Already, 43% of children under 18 have their own personal email address, according to a recent Proton survey. And for many people, that childhood inbox becomes the one they carry into adulthood — their first and most enduring digital marker.
When parents default to the email service they already use, a child’s first inbox often starts inside Big Tech systems like Gmail or Microsoft Outlook, built for advertising and data collection. Among children who already have an email address, 74% use Gmail.
These systems assume data should be collected first and protected later, even when the user is a child. And because most people keep the same email for years, sometimes decades, that first inbox becomes the foundation of their online identity, shaping what’s tracked, what’s inferred, and how they’re categorized.
There’s a way to push back against that assumption and give the next generation a beginning online that doesn’t start with being watched. Proton Mail now lets parents reserve a private email address for their children, offering a more protected start online through the Born Private campaign.
Email is your child’s digital identity
Mainstream email services routinely insert tracking pixels into messages, collect metadata, analyze behavior, and use inbox activity to refine advertising systems or train AI models.
For adults, this is worrying enough. For children, it means their early interests, choices, and even mistakes feed Big Tech’s algorithms before they’re old enough to understand what’s happening.
Because these tech companies are based in the United States, the data they collect can fall under US surveillance laws that allow government access without a warrant, no matter where you live. As a result, your child’s long-lasting digital records can be collected, processed, and shared within a system of weak privacy protections and broad surveillance powers.
Doing nothing hands control of your child’s digital identity to companies built to extract revenue from it.
Proton Mail offers a safer starting point
Proton Mail is built on a simple belief: Privacy is a fundamental right, not a tradeoff. Your inbox — and your child’s — should protect private information by default, not scan it or profit from it.
Proton Mail accounts use end-to-end and zero-access encryption, as well as advanced phishing and spam protections. That means:
- Proton can’t read or scan your messages
- Your child’s interests aren’t turned into marketing data
- Threats and annoyances are stopped before they reach you
Unlike Gmail, Proton’s code is open source, so anyone can verify that our apps do what we say. And because Proton is based in Switzerland, your family’s data is protected by some of the strongest privacy laws — from warrantless surveillance and unrestricted data sharing.
Choosing Proton means choosing a private European alternative to Big Tech platforms built around advertising and large-scale data collection.
A private inbox they can grow into
You prepare them for the real world. Now prepare them for the digital one.

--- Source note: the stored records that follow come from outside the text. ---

(* Let $t\in\mathbb{N}$. There exists $n_0(t)$ such that for all $n\ge n_0(t)$, if $\mathcal{F},\mathcal{G}\subseteq\mathcal{M}_{2n-1}$ are $t$-cross-intersecting, then $|\mathcal{F}|\cdot|\mathcal{G}|\le\big((2(n-t)-1)!!\big)^2$.
   Context: $\mathcal{M}_{2n-1}$ is the set of near-perfect matchings of the complete graph $K_{2n-1}$ (matchings with $n-1$ edges). Families $\mathcal{F},\mathcal{G}$ are $t$-cross-intersecting if $|m\cap m'|\ge t$ for all $m\in\mathcal{F}$, $m'\in\mathcal{G}$. $(2k-1)!!=1\cdot3\cdots(2k-1)$. *)

theory Defs
  imports Main
begin

definition edges_of :: "nat set \<Rightarrow> nat set set" where
  "edges_of V = {e. e \<subseteq> V \<and> card e = 2}"

definition is_matching :: "nat set \<Rightarrow> nat set set \<Rightarrow> bool" where
  "is_matching V m \<longleftrightarrow> m \<subseteq> edges_of V \<and>
     (\<forall>e\<in>m. \<forall>f\<in>m. e \<noteq> f \<longrightarrow> e \<inter> f = {})"

definition near_perfect_matchings :: "nat \<Rightarrow> nat set set set" where
  "near_perfect_matchings n =
     {m. is_matching {0..<2*n-1} m \<and> card m = n - 1}"

definition t_cross_intersecting :: "nat \<Rightarrow> 'a set set \<Rightarrow> 'a set set \<Rightarrow> bool" where
  "t_cross_intersecting t F G \<longleftrightarrow> (\<forall>m\<in>F. \<forall>m'\<in>G. card (m \<inter> m') \<ge> t)"

text \<open>odd_dfact k = (2k-1)!! = 1 * 3 * ... * (2k-1); odd_dfact 0 = 1 = (-1)!!.\<close>
definition odd_dfact :: "nat \<Rightarrow> nat" where
  "odd_dfact k = (\<Prod>i<k. 2*i+1)"

end

(*
  Spread approximation.  Fix a kernel size q of order (2t+1) log n.  Up to a remainder of at most
  n^q (2(n-q)-1)!! members, a family of near-perfect matchings is covered by the stars
  {m. S <= m} of kernels S with |S| < q, each carrying a subfamily that is n-spread over S.
  Spreadness lets one pick members of two such subfamilies that meet only inside the intersection
  of their kernels, so the kernels of t-cross-intersecting families are t-cross-intersecting.
  If all kernels contain a common t-set T, both families lie essentially in the star of T, which
  has (2(n-t)-1)!! members, and a single member outside that star cuts the other family down to
  about n (2(n-t)-3)!!.  Otherwise branching over the kernels bounds one union of stars by
  q^(t+1) (2(n-t)-3)!! and the other by q^t (2(n-t)-1)!!, and the product stays below
  ((2(n-t)-1)!!)^2 because (2(n-t)-1)!! = (2(n-t)-1) (2(n-t)-3)!! and q is only
  polylogarithmic in n.
*)

theory Submission
  imports Defs "HOL-Real_Asymp.Real_Asymp"
begin

section \<open>Matchings of a complete graph\<close>

definition matchings :: "nat set \<Rightarrow> nat \<Rightarrow> nat set set set" where
  "matchings W k = {m. is_matching W m \<and> card m = k}"

lemma near_perfect_matchings_eq: "near_perfect_matchings n = matchings {0..<2*n-1} (n - 1)"
  by (simp add: near_perfect_matchings_def matchings_def)

lemma odd_dfact_Suc: "odd_dfact (Suc k) = (2*k + 1) * odd_dfact k"
  by (simp add: odd_dfact_def)

lemma finite_edges_of: "finite V \<Longrightarrow> finite (edges_of V)"
  unfolding edges_of_def by (rule finite_subset[of _ "Pow V"]) auto

lemma is_matching_edgeD: "is_matching V m \<Longrightarrow> e \<in> m \<Longrightarrow> e \<subseteq> V \<and> card e = 2"
  unfolding is_matching_def edges_of_def by auto

lemma is_matching_disjoint: "is_matching V m \<Longrightarrow> e \<in> m \<Longrightarrow> f \<in> m \<Longrightarrow> e \<noteq> f \<Longrightarrow> e \<inter> f = {}"
  unfolding is_matching_def by auto

lemma finite_matching: "is_matching V m \<Longrightarrow> finite V \<Longrightarrow> finite m"
  unfolding is_matching_def using finite_edges_of finite_subset by blast

lemma finite_matchings: "finite W \<Longrightarrow> finite (matchings W k)"
  unfolding matchings_def is_matching_def
  by (rule finite_subset[of _ "Pow (edges_of W)"]) (auto simp: finite_edges_of)

lemma is_matching_subset: "is_matching V m \<Longrightarrow> m' \<subseteq> m \<Longrightarrow> is_matching V m'"
  unfolding is_matching_def by blast

lemma is_matching_vertices_mono: "is_matching V m \<Longrightarrow> \<Union>m \<subseteq> V' \<Longrightarrow> is_matching V' m"
  unfolding is_matching_def edges_of_def by blast

lemma is_matching_Diff_Union: "is_matching V m \<Longrightarrow> S \<subseteq> m \<Longrightarrow> is_matching (V - \<Union>S) (m - S)"
  by (rule is_matching_vertices_mono[OF is_matching_subset])
     (auto dest: is_matching_edgeD is_matching_disjoint)

lemma card_Union_matching:
  assumes "is_matching V m" "finite V"
  shows "card (\<Union>m) = 2 * card m"
proof -
  have "card (\<Union>m) = (\<Sum>e\<in>m. card e)"
    using assms is_matching_edgeD is_matching_disjoint
    by (intro card_Union_disjoint) (auto simp: pairwise_def disjnt_def intro: card_ge_0_finite)
  also have "\<dots> = (\<Sum>e\<in>m. 2)"
    using assms(1) by (intro sum.cong) (auto dest: is_matching_edgeD)
  finally show ?thesis by simp
qed

lemma matchings_Suc_subset:
  assumes W: "finite W" and v: "v \<in> W"
  shows "matchings W (Suc k) \<subseteq>
           matchings (W - {v}) (Suc k) \<union> (\<Union>u\<in>W - {v}. insert {v,u} ` matchings (W - {v,u}) k)"
proof
  fix m assume "m \<in> matchings W (Suc k)"
  then have m: "is_matching W m" and card_m: "card m = Suc k"
    by (auto simp: matchings_def)
  show "m \<in> matchings (W - {v}) (Suc k) \<union> (\<Union>u\<in>W - {v}. insert {v,u} ` matchings (W - {v,u}) k)"
  proof (cases "v \<in> \<Union>m")
    case False
    then have "is_matching (W - {v}) m"
      using m by (intro is_matching_vertices_mono[OF m]) (auto dest: is_matching_edgeD)
    then show ?thesis using card_m by (simp add: matchings_def)
  next
    case True
    then obtain e where e: "e \<in> m" "v \<in> e" by blast
    with m obtain u where e_eq: "e = {v,u}" and u: "u \<in> W - {v}"
      by (auto dest!: is_matching_edgeD simp: card_2_iff doubleton_eq_iff)
    have "is_matching (W - {v,u}) (m - {e})"
      using is_matching_Diff_Union[OF m, of "{e}"] e e_eq by simp
    moreover have "card (m - {e}) = k"
      using card_m e finite_matching[OF m W] by simp
    moreover have "m = insert {v,u} (m - {e})"
      using e e_eq by auto
    ultimately show ?thesis
      using u by (auto simp: matchings_def)
  qed
qed

lemma card_matchings_Suc_le:
  assumes W: "finite W" and v: "v \<in> W"
  shows "card (matchings W (Suc k)) \<le>
           card (matchings (W - {v}) (Suc k)) + (\<Sum>u\<in>W - {v}. card (matchings (W - {v,u}) k))"
proof -
  let ?B = "\<Union>u\<in>W - {v}. insert {v,u} ` matchings (W - {v,u}) k"
  have "card (matchings W (Suc k)) \<le> card (matchings (W - {v}) (Suc k) \<union> ?B)"
    using matchings_Suc_subset[OF W v, of k] W by (intro card_mono) (simp_all add: finite_matchings)
  also have "\<dots> \<le> card (matchings (W - {v}) (Suc k)) + card ?B"
    by (rule card_Un_le)
  also have "card ?B \<le> (\<Sum>u\<in>W - {v}. card (insert {v,u} ` matchings (W - {v,u}) k))"
    by (rule card_UN_le) (simp add: W)
  also have "\<dots> \<le> (\<Sum>u\<in>W - {v}. card (matchings (W - {v,u}) k))"
    using W by (intro sum_mono card_image_le) (simp add: finite_matchings)
  finally show ?thesis
    by simp
qed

You pack their lunch, double-knot their shoes, and remind them to look both ways when they cross the street. Reserving their first private inbox is another small way to set them up for a safer future, long before they ever log in.
To help families give their children a better beginning online, Proton Mail now lets parents reserve a private email address long before their child needs it.

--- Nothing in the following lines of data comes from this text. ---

(* Let $L$ be a Poisson $\mathfrak{h}$-base manifold. Then the bivector field $\varpi:=\sum_i\vec{\eta^i}\wedge\vec{h^i}$ is a Poisson bracket on $L$ making $L$ a Poisson-Lie $D(\mathfrak{h})$-manifold, and $\varpi$ coincides with the bivector field $\sum_i\vec{\eta^i}\otimes\vec{h^i}$, i.e. $\varpi(a,b)=\sum_i(\vec{\eta^i}a)(\vec{h^i}b)$.
   Context: $\mathfrak{h}$ is a finite dimensional complex Lie bialgebra and $D(\mathfrak{h})=\mathfrak{h}\oplus\mathfrak{h}^*_{op}$ its Drinfeld double ($\mathfrak{h}^*_{op}$ the dual Lie algebra with opposite bracket; $D(\mathfrak{h})$ carries the unique Lie bracket extending those of $\mathfrak{h}$, $\mathfrak{h}^*_{op}$ for which the natural symmetric pairing is invariant). $\{h^i\}$ is a basis of $\mathfrak{h}$ and $\{\eta^i\}$ the dual basis of $\mathfrak{h}^*_{op}$; $x\wedge y=\frac12(x\otimes y-y\otimes x)$. $D(\mathfrak{h})$ is a coboundary Lie bialgebra with r-matrix $r=\sum_i\eta^i\wedge h^i$, cobracket $\mu(x)=[x\otimes1+1\otimes x,r]$, and $\theta=\frac12\sum_i(\eta^i\otimes h^i+h^i\otimes\eta^i)$. A Poisson $\mathfrak{h}$-base manifold is a manifold $L$ whose function algebra $\mathcal{A}(L)$ carries an action $x\mapsto\vec x$ of $D(\mathfrak{h})$ by vector fields such that $\theta$ induces the zero bidifferential operator: $\sum_i\bigl((\vec{\eta^i}a)(\vec{h^i}b)+(\vec{h^i}a)(\vec{\eta^i}b)\bigr)=0$. A Poisson bracket $\pi$ on a manifold with action $x\mapsto\vec x$ of a Lie bialgebra with cobracket $\mu$ makes it a Poisson-Lie manifold if $\vec x\pi(a,b)-\pi(\vec xa,b)-\pi(a,\vec xb)=\overrightarrow{\mu(x)}(a,b)$ for all $x$ and functions $a,b$, where $\overrightarrow{\mu(x)}$ is the bidifferential operator induced by $\mu(x)$. *)

theory Defs
  imports "HOL-Analysis.Analysis"
begin

definition lie_bracket_on :: "(complex^'k \<Rightarrow> complex^'k \<Rightarrow> complex^'k) \<Rightarrow> bool" where
  "lie_bracket_on B \<longleftrightarrow>
     (\<forall>x y z. B (x + y) z = B x z + B y z) \<and>
     (\<forall>x y z. B x (y + z) = B x y + B x z) \<and>
     (\<forall>c x y. B (c *s x) y = c *s B x y) \<and>
     (\<forall>c x y. B x (c *s y) = c *s B x y) \<and>
     (\<forall>x. B x x = 0) \<and>
     (\<forall>x y z. B x (B y z) + B y (B z x) + B z (B x y) = 0)"

section \<open>Lie bialgebra h = complex^'n with standard basis h^i = axis i 1\<close>

text \<open>Elements of h \<otimes> h are coefficient matrices: T $ i $ j is the coefficient of h^i \<otimes> h^j.\<close>

text \<open>Dual Lie bracket on h* (coordinates w.r.t. the dual basis), transpose of the cobracket:
  [xi,zeta](x) = <xi \<otimes> zeta, delta x>.\<close>
definition dual_br :: "(complex^'n \<Rightarrow> complex^'n^'n) \<Rightarrow> complex^'n \<Rightarrow> complex^'n \<Rightarrow> complex^'n::finite" where
  "dual_br delta xi zeta = (\<chi> k. \<Sum>i\<in>UNIV. \<Sum>j\<in>UNIV. xi$i * zeta$j * delta (axis k 1) $ i $ j)"

text \<open>Adjoint action of x on h \<otimes> h: x.(a\<otimes>b) = [x,a]\<otimes>b + a\<otimes>[x,b].\<close>
definition adT :: "(complex^'n \<Rightarrow> complex^'n \<Rightarrow> complex^'n) \<Rightarrow> complex^'n \<Rightarrow> complex^'n^'n \<Rightarrow> complex^'n^'n::finite" where
  "adT br x T = (\<chi> i j. (\<Sum>a\<in>UNIV. T$a$j * (br x (axis a 1))$i) + (\<Sum>a\<in>UNIV. T$i$a * (br x (axis a 1))$j))"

Reserving your child’s email address may seem like a small, practical act, but it’s also a way to opt out of a Big Tech system where surveillance is the default.
Here’s how it works:
- Parents often reserve email addresses so their child can keep the name they want, and Proton lets them do that without giving up privacy.
- Proton Mail locks and preserves it for up to 15 years, and it will not be automatically deactivated for being dormant.

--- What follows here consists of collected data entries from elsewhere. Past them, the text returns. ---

lemma unitary_mat_with_first_col:
  assumes u: "u \<in> carrier_vec n" "u \<bullet>c u = 1"
  obtains U where "unitary_mat n U" "col U 0 = u"
proof -
  have u0: "u \<noteq> 0\<^sub>v n" using u by auto
  interpret cof_vec_space n "TYPE(complex)" .
  define b where "b = basis_completion u"
  have b: "set b \<subseteq> carrier_vec n" "distinct b" "\<not> lin_dep (set b)" "length b = n" "hd b = u"
    using basis_completion[OF u(1) u0] by (simp_all add: b_def)
  have "n \<noteq> 0" using u u0 by auto
  then obtain bs where b_Cons: "b = u # bs" using b(4,5) by (cases b) auto
  define gs where "gs = gram_schmidt n b"
  have gs: "corthogonal gs" "set gs \<subseteq> carrier_vec n" "length gs = n" "hd gs = u"
    using gram_schmidt_result[OF b(1-3) gs_def] b u(1) by (simp_all add: gs_def b_Cons)
  define ws where "ws = map vec_normalize gs"
  have ws: "set ws \<subseteq> carrier_vec n" "length ws = n" using gs by (auto simp: ws_def)
  have "unitary_mat n (mat_of_cols n ws)"
    using orthonormal_vec_normalize[OF gs(1,2)] gs(3) ws
    by (intro unitary_mat_of_orthonormal_cols) (simp_all add: ws_def)
  moreover have "col (mat_of_cols n ws) 0 = u"
    using gs \<open>n \<noteq> 0\<close> ws u by (cases gs) (auto simp: ws_def vec_normalize_unit_id)
  ultimately show ?thesis by (rule that)
qed

definition direct_sum_one :: "'a :: {zero,one} mat \<Rightarrow> 'a mat" where
  "direct_sum_one W = mat (Suc (dim_row W)) (Suc (dim_col W))
     (\<lambda>(i,j). if i = 0 \<or> j = 0 then (if i = j then 1 else 0) else W $$ (i - 1, j - 1))"

lemma direct_sum_one_carrier: "W \<in> carrier_mat n m \<Longrightarrow> direct_sum_one W \<in> carrier_mat (Suc n) (Suc m)"
  by (simp add: direct_sum_one_def)

lemma index_direct_sum_one:
  "i < Suc (dim_row W) \<Longrightarrow> j < Suc (dim_col W) \<Longrightarrow>
   direct_sum_one W $$ (i,j) = (if i = 0 \<or> j = 0 then (if i = j then 1 else 0) else W $$ (i - 1, j - 1))"
  by (simp add: direct_sum_one_def)

lemma unitary_direct_sum_one:
  assumes W: "unitary_mat n W"
  shows "unitary_mat (Suc n) (direct_sum_one W)"
proof (rule unitary_matI)
  let ?V = "direct_sum_one W"
  note W = unitary_matD[OF W]
  show V: "?V \<in> carrier_mat (Suc n) (Suc n)" using W by (simp add: direct_sum_one_carrier)
  show "adjoint_mat ?V * ?V = 1\<^sub>m (Suc n)"
  proof (rule eq_matI)
    fix i j assume "i < dim_row (1\<^sub>m (Suc n) :: complex mat)" "j < dim_col (1\<^sub>m (Suc n) :: complex mat)"
    then have ij: "i < Suc n" "j < Suc n" by auto
    have "(adjoint_mat ?V * ?V) $$ (i,j)
        = cnj (?V $$ (0,i)) * ?V $$ (0,j) + (\<Sum>k<n. cnj (?V $$ (Suc k,i)) * ?V $$ (Suc k,j))"
      using index_adjoint_mult_mat[OF V ij] unfolding sum.lessThan_Suc_shift .
    also have "\<dots> = 1\<^sub>m (Suc n) $$ (i,j)"
    proof (cases "i = 0 \<or> j = 0")
      case True
      then show ?thesis using ij W by (auto simp: index_direct_sum_one)
    next
      case False
      then obtain i' j' where ij': "i = Suc i'" "j = Suc j'" by (cases i; cases j) auto
      then have "(\<Sum>k<n. cnj (?V $$ (Suc k,i)) * ?V $$ (Suc k,j)) = (adjoint_mat W * W) $$ (i',j')"
        using ij W(1) by (simp add: index_direct_sum_one index_adjoint_mult_mat)
      then show ?thesis using ij ij' W by (simp add: index_direct_sum_one)
    qed
    finally show "(adjoint_mat ?V * ?V) $$ (i,j) = 1\<^sub>m (Suc n) $$ (i,j)" .
  qed (use V in auto)
qed

lemma spectral_mat_direct_sum_one:
  assumes W: "unitary_mat n W" and ij: "i < Suc n" "j < Suc n"
  shows "spectral_mat (Suc n) (direct_sum_one W) f $$ (i,j) =
    (if i = 0 \<or> j = 0 then (if i = j then f 0 else 0)
     else spectral_mat n W (\<lambda>k. f (Suc k)) $$ (i - 1, j - 1))"
proof -
  let ?V = "direct_sum_one W"
  note W' = unitary_matD[OF W]
  have "spectral_mat (Suc n) ?V f $$ (i,j)
      = ?V $$ (i,0) * f 0 * cnj (?V $$ (j,0)) + (\<Sum>k<n. ?V $$ (i,Suc k) * f (Suc k) * cnj (?V $$ (j,Suc k)))"
    using spectral_mat_index[OF unitary_direct_sum_one[OF W] ij] unfolding sum.lessThan_Suc_shift .
  then show ?thesis
    using ij W' by (cases i; cases j) (auto simp: index_direct_sum_one spectral_mat_index[OF W])
qed

lemma hermitian_deflation:
  assumes A: "hermitian_mat n A" and U: "unitary_mat n U" and n: "0 < n"
    and ev: "A *\<^sub>v col U 0 = complex_of_real e \<cdot>\<^sub>v col U 0"
  defines "A' \<equiv> adjoint_mat U * A * U"
  shows "hermitian_mat n A'"
    and "i < n \<Longrightarrow> A' $$ (i,0) = (if i = 0 then complex_of_real e else 0)"
    and "i < n \<Longrightarrow> A' $$ (0,i) = (if i = 0 then complex_of_real e else 0)"
proof -
  note U = unitary_matD[OF U] and A = hermitian_matD[OF A]
  show herm: "hermitian_mat n A'"
    using U A by (simp add: hermitian_mat_def A'_def adjoint_mat_mult assoc_mult_mat[of _ n n _ n _ n]
        mult_carrier_mat[of _ n n])
  have "col A' 0 = (adjoint_mat U * A) *\<^sub>v col U 0"
    unfolding A'_def by (rule col_mult2[OF mult_carrier_mat[OF U(2) A(1)] U(1) n])
  also have "\<dots> = adjoint_mat U *\<^sub>v (A *\<^sub>v col U 0)"
    by (rule assoc_mult_mat_vec[OF U(2) A(1) col_carrier_vec[OF n U(1)]])
  also have "\<dots> = complex_of_real e \<cdot>\<^sub>v (adjoint_mat U *\<^sub>v col U 0)"
    by (simp add: ev mult_mat_vec[OF U(2) col_carrier_vec[OF n U(1)]])
  also have "adjoint_mat U *\<^sub>v col U 0 = unit_vec n 0"
    using col_mult2[OF U(2) U(1) n] U n by simp
  finally have col0: "col A' 0 = complex_of_real e \<cdot>\<^sub>v unit_vec n 0" .
  show first_col: "A' $$ (i,0) = (if i = 0 then complex_of_real e else 0)" if "i < n" for i
    using arg_cong[OF col0, of "\<lambda>v. v $ i"] that n hermitian_matD(1)[OF herm] by simp
  show "A' $$ (0,i) = (if i = 0 then complex_of_real e else 0)" if "i < n" for i
    using arg_cong[OF hermitian_matD(2)[OF herm], of "\<lambda>M. M $$ (0,i)"] first_col[OF that]
      hermitian_matD(1)[OF herm] that n
    by auto
qed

- The inbox stays completely sealed — no data, no activity logs, no profiling.
- When your child is ready, you use a secure voucher to activate their email.
- If the voucher is misplaced, you can easily request a replacement.
The result is a clean, untouched inbox that begins with privacy instead of surveillance. This is a small but meaningful way to give children more control over their digital future.
To prevent abuse or fraud, we ask for a small donation, starting at $1. This supports the Proton Foundation’s work defending digital privacy globally and helps to protect the next generation.
Born Private: A better beginning for the next generation
Born Private is Proton’s commitment to making privacy the default again. Protecting your child’s inbox is part of that mission. Giving children a private email identity from the start extends it to the next generation.
Every digital life begins somewhere. With a reserved private email address for your child, that beginning can finally respect the privacy every child deserves.